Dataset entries
lemma I_mono_pointwise:
  assumes len: "length xs = ca c" "length ys = ca c"
    and le: "\<And>i. i < ca c \<Longrightarrow> pol_le (pol c i) (xs ! i) (ys ! i)"
  shows "I c xs \<le> I c ys"
proof -
  \<comment> \<open>replace the arguments of xs by those of ys one at a time, from left to right\<close>
  have "I c xs \<le> I c (take k ys @ drop k xs)" if "k \<le> ca c" for k
    using that
  proof (induction k)
    case (Suc k)
    let ?z = "take k ys @ drop k xs"
    have "?z[k := xs ! k] = ?z" and "?z[k := ys ! k] = take (Suc k) ys @ drop (Suc k) xs"
      using Suc.prems len
      by (simp_all add: take_Suc_conv_app_nth list_update_append Cons_nth_drop_Suc[symmetric])
    moreover have "I c (?z[k := xs ! k]) \<le> I c (?z[k := ys ! k])"
      using Suc.prems len by (intro I_mono_update le) auto
    ultimately show ?case
      using Suc by (metis Suc_leD order_trans)
  qed simp
  from this[of "ca c"] show ?thesis
    using len by simp
qed

context
  fixes fa :: "'f \<Rightarrow> nat" and t :: "nat \<Rightarrow> ('f, 'v) trm"
  assumes enum: "t ` {1..} = closed_terms fa"
begin

lemma eval_expansion_Ex:
  assumes "m \<ge> 1"
  shows "eval_ts fa I P v (expansion cdisj cconj t m (Ex x A))
    = (SUP i\<in>{1..m}. eval_ts fa I P (v(x := t i)) (expansion cdisj cconj t m A))"
proof -
  have "eval_ts fa I P v (expansion cdisj cconj t m (Ex x A))
      = (SUP i\<in>set [1..<m+1]. eval_ts fa I P v (subst_form x (t i) (expansion cdisj cconj t m A)))"
    using assms by (simp add: eval_big_conn_sup[where I = I and c = cdisj, OF I_cdisj] image_image)
  also have "set [1..<m+1] = {1..m}"
    by auto
  finally show ?thesis
    by (simp add: eval_ts_subst_form vars_trm_enum[OF enum])
qed

lemma eval_expansion_All:
  assumes "m \<ge> 1"
  shows "eval_ts fa I P v (expansion cdisj cconj t m (All x A))
    = (INF i\<in>{1..m}. eval_ts fa I P (v(x := t i)) (expansion cdisj cconj t m A))"
proof -
  have "eval_ts fa I P v (expansion cdisj cconj t m (All x A))
      = (INF i\<in>set [1..<m+1]. eval_ts fa I P v (subst_form x (t i) (expansion cdisj cconj t m A)))"
    using assms by (simp add: eval_big_conn_inf[where I = I and c = cconj, OF I_cconj] image_image)
  also have "set [1..<m+1] = {1..m}"
    by auto
  finally show ?thesis
    by (simp add: eval_ts_subst_form vars_trm_enum[OF enum])
qed

lemma expansion_pol_le:
  assumes "wf_form ca pa fa A" and "only_weak pol pos A" and "m \<ge> 1"
  shows "pol_le pos (eval_ts fa I P v (expansion cdisj cconj t m A)) (eval_ts fa I P v A)"
  using assms(1,2)
proof (induction A arbitrary: pos v)
  case (Pred p ts)
  then show ?case by (simp add: pol_le_def)
next
  case (Conn c As)
  let ?e = "map (eval_ts fa I P v) (map (expansion cdisj cconj t m) As)"
    and ?a = "map (eval_ts fa I P v) As"
  have len: "length As = ca c"
    using Conn.prems(1) by simp
  have IH: "pol_le (pol c i = pos) (?e ! i) (?a ! i)" if "i < ca c" for i
  proof -
    have "only_weak pol (pol c i = pos) (As ! i)"
      using Conn.prems(2) that len by (intro only_weak_Conn_nth) auto
    then show ?thesis
      using Conn.IH[OF nth_mem] Conn.prems(1) that len by simp
  qed
  show ?case
  proof (cases pos)
    case True
    then have "I c ?e \<le> I c ?a"
      using IH len by (intro I_mono_pointwise) force+
    with True show ?thesis unfolding pol_le_def by simp
  next
    case False
    then have "I c ?a \<le> I c ?e"
      using IH len pol_le_Not by (intro I_mono_pointwise) force+
    with False show ?thesis unfolding pol_le_def by simp
  qed
next
  case (Ex x A)
  then have "pos" and "eval_ts fa I P v' (expansion cdisj cconj t m A) \<le> eval_ts fa I P v' A" for v'
    by (auto simp: pol_le_def)
  moreover from this(2) have "(SUP i\<in>{1..m}. eval_ts fa I P (v(x := t i)) (expansion cdisj cconj t m A))
      \<le> (SUP i\<in>{1..}. eval_ts fa I P (v(x := t i)) A)"
    by (intro SUP_mono) auto
  ultimately show ?case
    unfolding pol_le_def eval_expansion_Ex[OF assms(3)] eval_ts_Ex_enum[OF enum] by simp
next
  case (All x A)
  then have "\<not> pos" and "eval_ts fa I P v' A \<le> eval_ts fa I P v' (expansion cdisj cconj t m A)" for v'
    by (auto simp: pol_le_def)
  moreover from this(2) have "(INF i\<in>{1..}. eval_ts fa I P (v(x := t i)) A)
      \<le> (INF i\<in>{1..m}. eval_ts fa I P (v(x := t i)) (expansion cdisj cconj t m A))"
    by (intro INF_mono) auto
  ultimately show ?case
    unfolding pol_le_def eval_expansion_All[OF assms(3)] eval_ts_All_enum[OF enum] by simp
qed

- Action item
Check each line of the entries, and copy the ones that contain "proof".

- Written answer
proof -
  proof (induction k)
proof -
proof -
proof (induction A arbitrary: pos v)
  proof -
  proof (cases pos)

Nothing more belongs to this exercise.